Well you see a lot of people right now making a lot of money. There’s people that are getting a lot of money are very abundant and just from one song. They are extremely successful from just songs from TikTok or Instagram or whatever. If you are a creator there is even people that don’t even make music and are just creating content and are in million, billion dollar homes just from that. It’s a lot of people out there that gets a lot of money from it.
What do you use most? Instagram? TikTok?
I’m more on Instagram. I started on TikTok, a lot of things with like more people that I personally know I’m on Facebook as well still you know. I’ve been here since MySpace so we bring it back to the MySpace days and Soundcloud and stuff where it was first starting. Right now I’m adjusting more to the TikTok and the Instagram.
So you grew up in the Fillmore? When you were growing up, what was going on in the Fillmore in San Francisco?
I grew up in the era when you know Cougnut and Cellski and IMP and Cachunk, shout out to all the old school, Get Low Playaz, Seff tha Gaffla, San Quinn, D-Moes, Kilo, I could go on just in my area, just in the Fillmoe was the GLP’s and all that, but like the whole city was rockin’ back then. So I came up on that. It fueled me to see all the independent hustlers out there that made it independently in the street out the trunk you know. And then we could go across the Bay to the Too Short’s to the Luniz, Delinquents, E-40, Mac Dre, Reek Daddy, Mac Mall, all of them you know that’s my era from when I was coming up as a youngster.
What really inspired you to go and rap?
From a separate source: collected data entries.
text \<open>
  If \<open>C\<close> is a total perfect code, then \<open>S\<close> and \<open>C\<close> tile \<open>\<int>/n\<close>: every residue is uniquely
  \<open>s + c\<close>. In the group ring \<open>\<int>[\<int>/n]\<close> this reads \<open>S C = J\<close> (the all-one element), so
  \<open>S^p C = p^(p-1) J \<equiv> 0\<close>, while the Frobenius congruence \<open>S^p \<equiv> S(x^p)\<close> (mod \<open>p\<close>) makes
  the coefficient of \<open>x^z\<close> count the representations \<open>z = p s + c\<close>. Hence each \<open>z\<close> has either
  none or all \<open>p\<close> of them, so \<open>C\<close> is invariant under the translations \<open>p (s - s')\<close>. The \<open>t\<close>
  with \<open>C + p t = C\<close> form a subgroup containing \<open>S - S\<close>, hence, by connectedness and \<open>S = -S\<close>,
  containing \<open>2\<close>; as \<open>p\<close> is odd it then contains \<open>e\<close> whenever \<open>s - s' = p e\<close>, and the codewords
  \<open>c\<close> and \<open>c + s - s'\<close> would both be neighbours of \<open>c - s'\<close>. Counting edges gives \<open>n = p |C|\<close>.
  Conversely, if \<open>S\<close> is a transversal of \<open>\<int>/p\<close> and \<open>p\<close> divides \<open>n\<close>, the multiples of \<open>p\<close>
  form a total perfect code.
\<close>

lemma prime_dvd_power_add_minus_powers:
  fixes x y :: "'a::comm_ring_1"
  assumes "prime P"
  shows "of_nat P dvd (x + y) ^ P - x ^ P - y ^ P"
proof -
  have P: "P > 1" using assms prime_gt_1_nat by blast
  define mid where "mid = (\<Sum>k\<in>{1..<P}. of_nat (P choose k) * x ^ k * y ^ (P - k) :: 'a)"
  have "{..P} = insert 0 (insert P {1..<P})" using P by auto
  then have "(x + y) ^ P = y ^ P + (x ^ P + mid)"
    using P by (simp add: binomial_ring mid_def)
  moreover have "of_nat P dvd mid"
    unfolding mid_def
  proof (intro dvd_sum dvd_mult2)
    fix k assume "k \<in> {1..<P}"
    then have "P dvd P choose k" using assms by (intro dvd_choose_prime) auto
    then show "of_nat P dvd (of_nat (P choose k) :: 'a)" by (metis dvd_def of_nat_mult)
  qed
  ultimately show ?thesis by (simp add: algebra_simps)
qed

lemma prime_dvd_power_sum_minus_sum_powers:
  fixes f :: "'b \<Rightarrow> 'a::comm_ring_1"
  assumes "prime P"
  shows "of_nat P dvd (\<Sum>a\<in>A. f a) ^ P - (\<Sum>a\<in>A. f a ^ P)"
proof (induction A rule: infinite_finite_induct)
  case (insert a A)
  let ?s = "\<Sum>a\<in>A. f a" and ?t = "\<Sum>a\<in>A. f a ^ P"
  have split: "(\<Sum>a\<in>insert a A. f a) ^ P - (\<Sum>a\<in>insert a A. f a ^ P)
      = ((f a + ?s) ^ P - f a ^ P - ?s ^ P) + (?s ^ P - ?t)"
    using insert.hyps by (simp add: algebra_simps)
  show ?case
    unfolding split by (rule dvd_add[OF prime_dvd_power_add_minus_powers[OF assms] insert.IH])
qed (use prime_gt_0_nat[OF assms] in \<open>simp_all add: power_0_left\<close>)

lemma mod_add_eq_iff_mod_eq_diff:
  fixes a b n z :: int
  assumes "z \<in> {0..<n}"
  shows "(a + b) mod n = z \<longleftrightarrow> b mod n = (z - a) mod n"
proof -
  have "(a + b) mod n = z \<longleftrightarrow> (a + b) mod n = z mod n" using assms by simp
  also have "\<dots> \<longleftrightarrow> b mod n = (z - a) mod n" by (simp add: mod_eq_dvd_iff algebra_simps)
  finally show ?thesis .
qed

text \<open>\<open>cyclic_coeff n f z\<close> is the coefficient of \<open>x^z\<close> in the image of \<open>f\<close> in
  \<open>\<int>[x]/(x^n - 1) = \<int>[\<int>/n]\<close>.\<close>

definition cyclic_coeff :: "int \<Rightarrow> int poly \<Rightarrow> int \<Rightarrow> int" where
  "cyclic_coeff n f z = (\<Sum>i\<le>degree f. if int i mod n = z then coeff f i else 0)"

lemma cyclic_coeff_altdef:
  assumes "degree f \<le> K"
  shows "cyclic_coeff n f z = (\<Sum>i\<le>K. if int i mod n = z then coeff f i else 0)"
  unfolding cyclic_coeff_def
  by (rule sum.mono_neutral_left) (use assms in \<open>auto simp: coeff_eq_0\<close>)

lemma cyclic_coeff_0 [simp]: "cyclic_coeff n 0 z = 0"
  unfolding cyclic_coeff_def by (simp only: coeff_0 if_cancel sum.neutral_const)

lemma cyclic_coeff_add: "cyclic_coeff n (f + g) z = cyclic_coeff n f z + cyclic_coeff n g z"
proof -
  define K where "K = max (degree f) (degree g)"
  have "degree (f + g) \<le> K" unfolding K_def by (rule degree_add_le) auto
  then show ?thesis
    by (simp add: cyclic_coeff_altdef[of _ K] K_def sum.distrib[symmetric] if_distrib)
      (rule sum.cong, auto)
qed

lemma cyclic_coeff_sum: "cyclic_coeff n (\<Sum>i\<in>I. f i) z = (\<Sum>i\<in>I. cyclic_coeff n (f i) z)"
  by (induction I rule: infinite_finite_induct) (simp_all add: cyclic_coeff_add)

lemma cyclic_coeff_monom: "cyclic_coeff n (monom c k) z = (if int k mod n = z then c else 0)"
proof -
  have "cyclic_coeff n (monom c k) z = (\<Sum>i\<le>k. if i = k then (if int k mod n = z then c else 0) else 0)"
    by (subst cyclic_coeff_altdef[OF degree_monom_le]) (rule sum.cong, auto simp: coeff_monom)
  then show ?thesis by simp
qed

lemma const_dvd_cyclic_coeff: "[:c:] dvd f \<Longrightarrow> c dvd cyclic_coeff n f z"
  by (simp add: cyclic_coeff_def const_poly_dvd_iff dvd_sum)

lemma cyclic_coeff_mult:
  assumes "z \<in> {0..<n}"
  shows "cyclic_coeff n (f * g) z = (\<Sum>i\<le>degree f. coeff f i * cyclic_coeff n g ((z - int i) mod n))"
proof -
  have "f * g = (\<Sum>i\<le>degree f. \<Sum>j\<le>degree g. monom (coeff f i * coeff g j) (i + j))"
    by (subst (1 2) poly_as_sum_of_monoms[symmetric]) (simp add: sum_product mult_monom)
  then have "cyclic_coeff n (f * g) z = (\<Sum>i\<le>degree f. \<Sum>j\<le>degree g.
      if (int i + int j) mod n = z then coeff f i * coeff g j else 0)"
    by (simp add: cyclic_coeff_sum cyclic_coeff_monom)
  also have "\<dots> = (\<Sum>i\<le>degree f. coeff f i * cyclic_coeff n g ((z - int i) mod n))"
    unfolding cyclic_coeff_def sum_distrib_left
    by (intro sum.cong refl) (simp add: mod_add_eq_iff_mod_eq_diff[OF assms])
  finally show ?thesis .
qed

lemma cyclic_coeff_mult_uniform:
  assumes "z \<in> {0..<n}" and "\<And>w. w \<in> {0..<n} \<Longrightarrow> cyclic_coeff n g w = 1"
  shows "cyclic_coeff n (f * g) z = poly f 1"
proof -
  have "n > 0" using assms(1) by simp
  then show ?thesis
    using assms by (simp add: cyclic_coeff_mult poly_altdef)
qed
Because it was going on all around you or what?
Well you know music has always been in my history. My uncle was a musician, I was always in the studio with him. He played back up bass for Tower of Power and did stuff with El Debarge and all these other artists from back then. So that soul music and that funk is really what was in me from when I was a baby. From like three years old I was always with him or in his studio and vibing out with them as a baby and not even consciously knowing the stuff feeding into me. Now that I do music I can feel that that stuff is coming out more.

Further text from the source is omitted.